For most Americans, Thanksgiving Day is a special day, where we celebrate family unity. In fact, families get together on Thanksgiving more often than on any other holiday, including Christmas, and according to retailers’ statistics, this is the day when the most food is consumed in the country.
But besides the traditional family get-together and the big meal, there is also the religious meaning of this holiday, that is present since its origins. According to tradition, the pilgrims celebrated the first meal of thanksgiving in 1621, together with a group of natives to give thanks to God for the abundance of the harvests in the new world.
With time, this celebration became a national event, finally sanctioned by President George Washington himself. Today, we Catholics, celebrate Thanksgiving not only as a national holiday, but also as an authentically Catholic holiday.

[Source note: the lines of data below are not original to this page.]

text \<open>The stages of the chain indexed by \<open>\<kappa> = |K|\<^sup>+\<close> stay of size at most \<open>|Pow (Pow K)|\<close>,
  and regularity of \<open>\<kappa>\<close> puts every subset of the union of size at most \<open>|K|\<close> into one stage.\<close>
lemma exists_closed_under_small_subsets:
  fixes K :: "'b set" and T :: "'a set" and G :: "'a set \<Rightarrow> 'a set"
  assumes K: "infinite K"
    and G: "\<And>E. E \<subseteq> T \<Longrightarrow> |E| \<le>o |K| \<Longrightarrow> G E \<subseteq> T \<and> |G E| \<le>o |Pow (Pow K)|"
  obtains A where "A \<subseteq> T" "|A| \<le>o |Pow (Pow K)|"
    "\<And>E. E \<subseteq> A \<Longrightarrow> |E| \<le>o |K| \<Longrightarrow> G E \<subseteq> A"
proof -
  define \<kappa> where "\<kappa> = cardSuc |K|"
  have \<kappa>: "Card_order \<kappa>" "Well_order \<kappa>"
    unfolding \<kappa>_def using cardSuc_Card_order card_of_Card_order card_order_on_def by blast+
  have Cinf_K: "Cinfinite |K|"
    using K by (simp add: cinfinite_def Field_card_of card_of_card_order_on)
  have Field_\<kappa>: "\<not> finite (Field \<kappa>)"
    using Cinfinite_cardSuc[OF Cinf_K] by (simp add: \<kappa>_def cinfinite_def)
  have infinite_\<mu>: "infinite (Pow (Pow K))"
    using K by simp
  have card_Field_\<kappa>: "|Field \<kappa>| \<le>o |Pow (Pow K)|"
    using card_of_Field_cardSuc_le_Pow card_of_le_Pow_Pow(2)
    unfolding \<kappa>_def by (rule ordLeq_transitive)
  define H where "H S = (\<Union>E \<in> {E. E \<subseteq> S \<inter> T \<and> |E| \<le>o |K|}. G E)" for S
  have card_H: "|H S| \<le>o |Pow (Pow K)|" if "|S| \<le>o |Pow (Pow K)|" for S
  proof -
    have "|S \<inter> T| \<le>o |Pow (Pow K)|"
      using card_of_mono1[OF Int_lower1] that by (rule ordLeq_transitive)
    then show ?thesis
      unfolding H_def using G
      by (intro card_of_UNION_ordLeq_infinite[OF infinite_\<mu>]
          card_of_small_subsets_le_Pow_Pow[OF K]) auto
  qed
  have wf: "wf (\<kappa> - Id)"
    using \<kappa>(2) by (simp add: well_order_on_def)
  define As where "As = wfrec (\<kappa> - Id) (\<lambda>f i. H (\<Union> (f ` underS \<kappa> i)))"
  have As: "As i = H (\<Union> (As ` underS \<kappa> i))" for i
  proof -
    have "As i = H (\<Union> (cut As (\<kappa> - Id) i ` underS \<kappa> i))"
      unfolding As_def by (subst wfrec[OF wf]) simp
    also have "cut As (\<kappa> - Id) i ` underS \<kappa> i = As ` underS \<kappa> i"
      by (auto simp: cut_apply underS_def)
    finally show ?thesis .
  qed
  have card_As: "|As i| \<le>o |Pow (Pow K)|" for i
  proof (induction i rule: wf_induct[OF wf])
    case (1 i)
    have "|underS \<kappa> i| \<le>o |Pow (Pow K)|"
      using card_of_mono1[OF Order_Relation.underS_Field] card_Field_\<kappa> by (rule ordLeq_transitive)
    then have "|\<Union> (As ` underS \<kappa> i)| \<le>o |Pow (Pow K)|"
      using 1 by (intro card_of_UNION_ordLeq_infinite[OF infinite_\<mu>]) (auto simp: underS_def)
    then show ?case
      by (subst As) (rule card_H)
  qed
  have chain: "relChain \<kappa> As"
    unfolding relChain_def
  proof (intro allI impI)
    fix j i assume "(j, i) \<in> \<kappa>"
    moreover have "trans \<kappa>" "antisym \<kappa>"
      using \<kappa>(2) unfolding well_order_on_def linear_order_on_def partial_order_on_def
        preorder_on_def by blast+
    ultimately have "underS \<kappa> j \<subseteq> underS \<kappa> i"
      by (intro underS_incr)
    then have "\<Union> (As ` underS \<kappa> j) \<subseteq> \<Union> (As ` underS \<kappa> i)"
      by (rule UN_mono) simp
    then show "As j \<subseteq> As i"
      unfolding As[of i] As[of j] H_def by (intro UN_mono) auto
  qed
  define A where "A = (\<Union>i \<in> Field \<kappa>. As i)"
  have "As i \<subseteq> T" for i
    unfolding As[of i] H_def using G by blast
  then have AT: "A \<subseteq> T"
    unfolding A_def by blast
  show thesis
  proof
    show "A \<subseteq> T" by (fact AT)
    show "|A| \<le>o |Pow (Pow K)|"
      unfolding A_def using card_Field_\<kappa> card_As
      by (intro card_of_UNION_ordLeq_infinite[OF infinite_\<mu>]) auto
  next
    fix E assume E: "E \<subseteq> A" "|E| \<le>o |K|"
    then obtain i where i: "i \<in> Field \<kappa>" "E \<subseteq> As i"
      using cardSuc_UNION_Cinfinite[OF Cinf_K, of As E] chain unfolding A_def \<kappa>_def by auto
    then obtain j where j: "j \<in> Field \<kappa>" "i \<in> underS \<kappa> j"
      using infinite_Card_order_limit[OF \<kappa>(1) Field_\<kappa> i(1)] unfolding underS_def by auto
    have "E \<subseteq> T"
      using E(1) AT by (rule order_trans)
    with i j E(2) have "G E \<subseteq> H (\<Union> (As ` underS \<kappa> j))"
      unfolding H_def by blast
    then show "G E \<subseteq> A"
      using j(1) unfolding A_def As[of j, symmetric] by blast
  qed
qed

lemma discrete_subspace_if_isolated:
  assumes "D \<subseteq> topspace X" and "\<And>d. d \<in> D \<Longrightarrow> \<exists>W. openin X W \<and> W \<inter> D = {d}"
  shows "discrete_subspace X D"
proof -
  have "openin (subtopology X D) {d}" if "d \<in> D" for d
    using assms(2)[OF that] unfolding openin_subtopology by blast
  then show ?thesis
    using assms(1) unfolding discrete_subspace_def
    by (metis discrete_topology_unique topspace_subtopology_subset)
qed

lemma not_in_closure_of_if_disjoint_open:
  assumes "openin X V" "x \<in> V" "F \<inter> V = {}"
  shows "x \<notin> X closure_of F"
  using assms unfolding in_closure_of by blast

lemma discrete_subspace_if_left_right_separated:
  assumes D: "D \<subseteq> topspace X"
    and total: "\<And>d e. d \<in> D \<Longrightarrow> e \<in> D \<Longrightarrow> d \<noteq> e \<Longrightarrow> d \<in> underS r e \<or> e \<in> underS r d"
    and U: "\<And>d. d \<in> D \<Longrightarrow> openin X (U d) \<and> d \<in> U d"
    and left: "\<And>d. d \<in> D \<Longrightarrow> d \<notin> X closure_of (D \<inter> underS r d)"
    and right: "\<And>d e. d \<in> D \<Longrightarrow> e \<in> D \<Longrightarrow> d \<in> underS r e \<Longrightarrow> e \<notin> U d"
  shows "discrete_subspace X D"
proof (rule discrete_subspace_if_isolated[OF D])
  fix d assume d: "d \<in> D"
  define W where "W = U d - X closure_of (D \<inter> underS r d)"
  have "openin X W"
    unfolding W_def using U[OF d] by (intro openin_diff) auto
  moreover have "e \<notin> W" if "e \<in> D" "e \<noteq> d" for e
    using total[OF that(1) d that(2)] right[OF d that(1)] closure_of_subset[of "D \<inter> underS r d" X] D that(1)
    unfolding W_def by blast
  moreover have "d \<in> W"
    unfolding W_def using U[OF d] left[OF d] by blast
  ultimately show "\<exists>W. openin X W \<and> W \<inter> D = {d}"
    using d by blast
qed

text \<open>Shapirovskii's lemma: well-order the space and pick every point of \<open>Y\<close> that lies neither in
  the closure nor in the neighbourhoods of the points picked before it.\<close>
lemma sapirovskii_discrete_cover:
  assumes Y: "Y \<subseteq> topspace X" and U: "\<And>y. y \<in> Y \<Longrightarrow> openin X (U y) \<and> y \<in> U y"
  obtains D where "D \<subseteq> Y" "discrete_subspace X D" "Y \<subseteq> X closure_of D \<union> (\<Union>d\<in>D. U d)"
proof -
  have "\<exists>r :: 'a rel. Well_order r \<and> Field r = UNIV"
    by (rule well_ordering)
  then obtain r :: "'a rel" where r: "Well_order r" "Field r = UNIV"
    by blast
  have wf: "wf (r - Id)"
    using r(1) by (simp add: well_order_on_def)
  define pick where "pick = wfrec (r - Id) (\<lambda>f y. y \<in> Y
      \<and> y \<notin> X closure_of {z \<in> underS r y. f z} \<and> (\<forall>z \<in> underS r y. f z \<longrightarrow> y \<notin> U z))"
  define D where "D = {y. pick y}"
  have pick: "y \<in> D \<longleftrightarrow> y \<in> Y \<and> y \<notin> X closure_of (D \<inter> underS r y)
      \<and> (\<forall>z \<in> D \<inter> underS r y. y \<notin> U z)" for y
  proof -
    have cut: "cut pick (r - Id) y z = pick z" if "z \<in> underS r y" for z
      using that by (simp add: cut_apply underS_def)
    have "pick y \<longleftrightarrow> y \<in> Y \<and> y \<notin> X closure_of {z \<in> underS r y. cut pick (r - Id) y z}
        \<and> (\<forall>z \<in> underS r y. cut pick (r - Id) y z \<longrightarrow> y \<notin> U z)"
      unfolding pick_def by (subst wfrec[OF wf]) simp
    also have "{z \<in> underS r y. cut pick (r - Id) y z} = D \<inter> underS r y"
      using cut by (auto simp: D_def)
    finally show ?thesis
      using cut by (auto simp: D_def)
  qed
  have DY: "D \<subseteq> Y"
    using pick by blast
  have left: "d \<notin> X closure_of (D \<inter> underS r d)" if "d \<in> D" for d
    using pick[of d] that by simp
  have right: "e \<notin> U d" if "d \<in> D" "e \<in> D" "d \<in> underS r e" for d e
    using pick[of e] that by simp
  show thesis
  proof
    show "D \<subseteq> Y" by (fact DY)
    have total: "d \<in> underS r e \<or> e \<in> underS r d" if "d \<noteq> e" for d e
      using r that by (auto simp: underS_def well_order_on_def linear_order_on_def total_on_def)
    show "discrete_subspace X D"
    proof (rule discrete_subspace_if_left_right_separated[of D X r U])
      show "D \<subseteq> topspace X"
        using DY Y by (rule order_trans)
      show "openin X (U d) \<and> d \<in> U d" if "d \<in> D" for d
        using U DY that by blast
      show "d \<in> underS r e \<or> e \<in> underS r d" if "d \<noteq> e" for d e
        using that by (rule total)
      show "d \<notin> X closure_of (D \<inter> underS r d)" if "d \<in> D" for d
        using that by (rule left)
      show "e \<notin> U d" if "d \<in> D" "e \<in> D" "d \<in> underS r e" for d e
        using that by (rule right)
    qed
    show "Y \<subseteq> X closure_of D \<union> (\<Union>d\<in>D. U d)"
    proof
      fix y assume y: "y \<in> Y"
      show "y \<in> X closure_of D \<union> (\<Union>d\<in>D. U d)"
      proof (cases "y \<in> D")
        case True
        then show ?thesis
          using closure_of_subset[of D X] DY Y by blast
      next
        case False
        then have "y \<in> X closure_of (D \<inter> underS r y) \<or> (\<exists>z \<in> D \<inter> underS r y. y \<in> U z)"
          using pick[of y] y by simp
        moreover have "X closure_of (D \<inter> underS r y) \<subseteq> X closure_of D"
          by (rule closure_of_mono) simp
        ultimately show ?thesis
          by blast
      qed
    qed
  qed
qed

lemma theta_closure_of_subset_topspace: "theta_closure_of X A \<subseteq> topspace X"
  unfolding theta_closure_of_def by blast

lemma disjoint_open_if_notin_theta_closure_of:
  assumes "x \<in> topspace X" "y \<in> topspace X" "y \<notin> theta_closure_of X {x}"
  obtains U V where "openin X U" "openin X V" "y \<in> U" "x \<in> V" "U \<inter> V = {}"
proof -
  obtain B where B: "openin X B" "y \<in> B" "x \<notin> X closure_of B"
    using assms unfolding theta_closure_of_def by blast
  then obtain V where "openin X V" "x \<in> V" "V \<inter> B = {}"
    using assms(1) unfolding in_closure_of by blast
  with B that show thesis by blast
qed

lemma in_theta_closure_of_if_trace_le:
  assumes z: "z \<in> X closure_of E" and z0: "z0 \<in> topspace X"
    and trace: "\<And>F. F \<subseteq> E \<Longrightarrow> z \<in> X closure_of F \<Longrightarrow> z0 \<in> X closure_of F"
  shows "z \<in> theta_closure_of X {z0}"
proof (rule ccontr)
  assume "z \<notin> theta_closure_of X {z0}"
  moreover have "z \<in> topspace X"
    using closure_of_subset_topspace[of X E] z by blast
  ultimately obtain U V where UV: "openin X U" "openin X V" "z \<in> U" "z0 \<in> V" "U \<inter> V = {}"
    using disjoint_open_if_notin_theta_closure_of[OF z0] by blast
  have "z \<in> X closure_of (U \<inter> E)"
    using openin_Int_closure_of_subset[OF UV(1), of E] z UV(3) by blast
  then have "z0 \<in> X closure_of (U \<inter> E)"
    by (rule trace[rotated]) blast
  moreover have "z0 \<notin> X closure_of (U \<inter> E)"
    using UV(5) by (intro not_in_closure_of_if_disjoint_open[OF UV(2,4)]) blast
  ultimately show False by blast
qed

lemma card_closure_of_le_Pow_Pow:
  fixes K :: "'b set"
  assumes K: "infinite K" and E: "|E| \<le>o |K|"
    and theta: "\<And>x. x \<in> topspace X \<Longrightarrow> |theta_closure_of X {x}| \<le>o |Pow K|"
  shows "|X closure_of E| \<le>o |Pow (Pow K)|"
proof -
  define C where "C = X closure_of E"
  define trace where "trace z = {F. F \<subseteq> E \<and> z \<in> X closure_of F}" for z
  have "trace ` C \<subseteq> Pow (Pow E)"
    unfolding trace_def by blast
  then have "|trace ` C| \<le>o |Pow (Pow E)|"
    by (rule card_of_mono1)
  also have "|Pow (Pow E)| \<le>o |Pow (Pow K)|"
    using E by (intro card_of_Pow_mono)
  finally have card_traces: "|trace ` C| \<le>o |Pow (Pow K)|" .
  have card_fibre: "|{z \<in> C. trace z = P}| \<le>o |Pow (Pow K)|" if P: "P \<in> trace ` C" for P
  proof -
    obtain z0 where z0: "z0 \<in> C" "trace z0 = P"
      using P by blast
    have z0_space: "z0 \<in> topspace X"
      using closure_of_subset_topspace[of X E] z0(1) unfolding C_def by blast
    have "{z \<in> C. trace z = P} \<subseteq> theta_closure_of X {z0}"
    proof
      fix z assume "z \<in> {z \<in> C. trace z = P}"
      then show "z \<in> theta_closure_of X {z0}"
        using z0 unfolding C_def
        by (intro in_theta_closure_of_if_trace_le[OF _ z0_space]) (auto simp: trace_def)
    qed
    then have "|{z \<in> C. trace z = P}| \<le>o |theta_closure_of X {z0}|"
      by (rule card_of_mono1)
    also have "|theta_closure_of X {z0}| \<le>o |Pow K|"
      by (rule theta[OF z0_space])
    also have "|Pow K| \<le>o |Pow (Pow K)|"
      by (rule card_of_le_Pow_Pow(2))
    finally show ?thesis .
  qed
  have "C = (\<Union>P \<in> trace ` C. {z \<in> C. trace z = P})"
    by blast
  also have "|\<Union>P \<in> trace ` C. {z \<in> C. trace z = P}| \<le>o |Pow (Pow K)|"
    using K card_traces card_fibre by (intro card_of_UNION_ordLeq_infinite) auto
  finally show ?thesis
    unfolding C_def .
qed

I say that this is a truly Catholic celebration because even before the “first” Thanksgiving celebration on U.S. soil in 1621, on April 30, 1598, in Texas, Don Juan de Oñate had already declared officially a “Day of Thanksgiving,” commemorated with the holy sacrifice of the Mass.
Oñate did what is essentially Catholic: to celebrate the Eucharist, a word which comes from the Greek term Eukaristein, and which means, precisely, “thanksgiving.”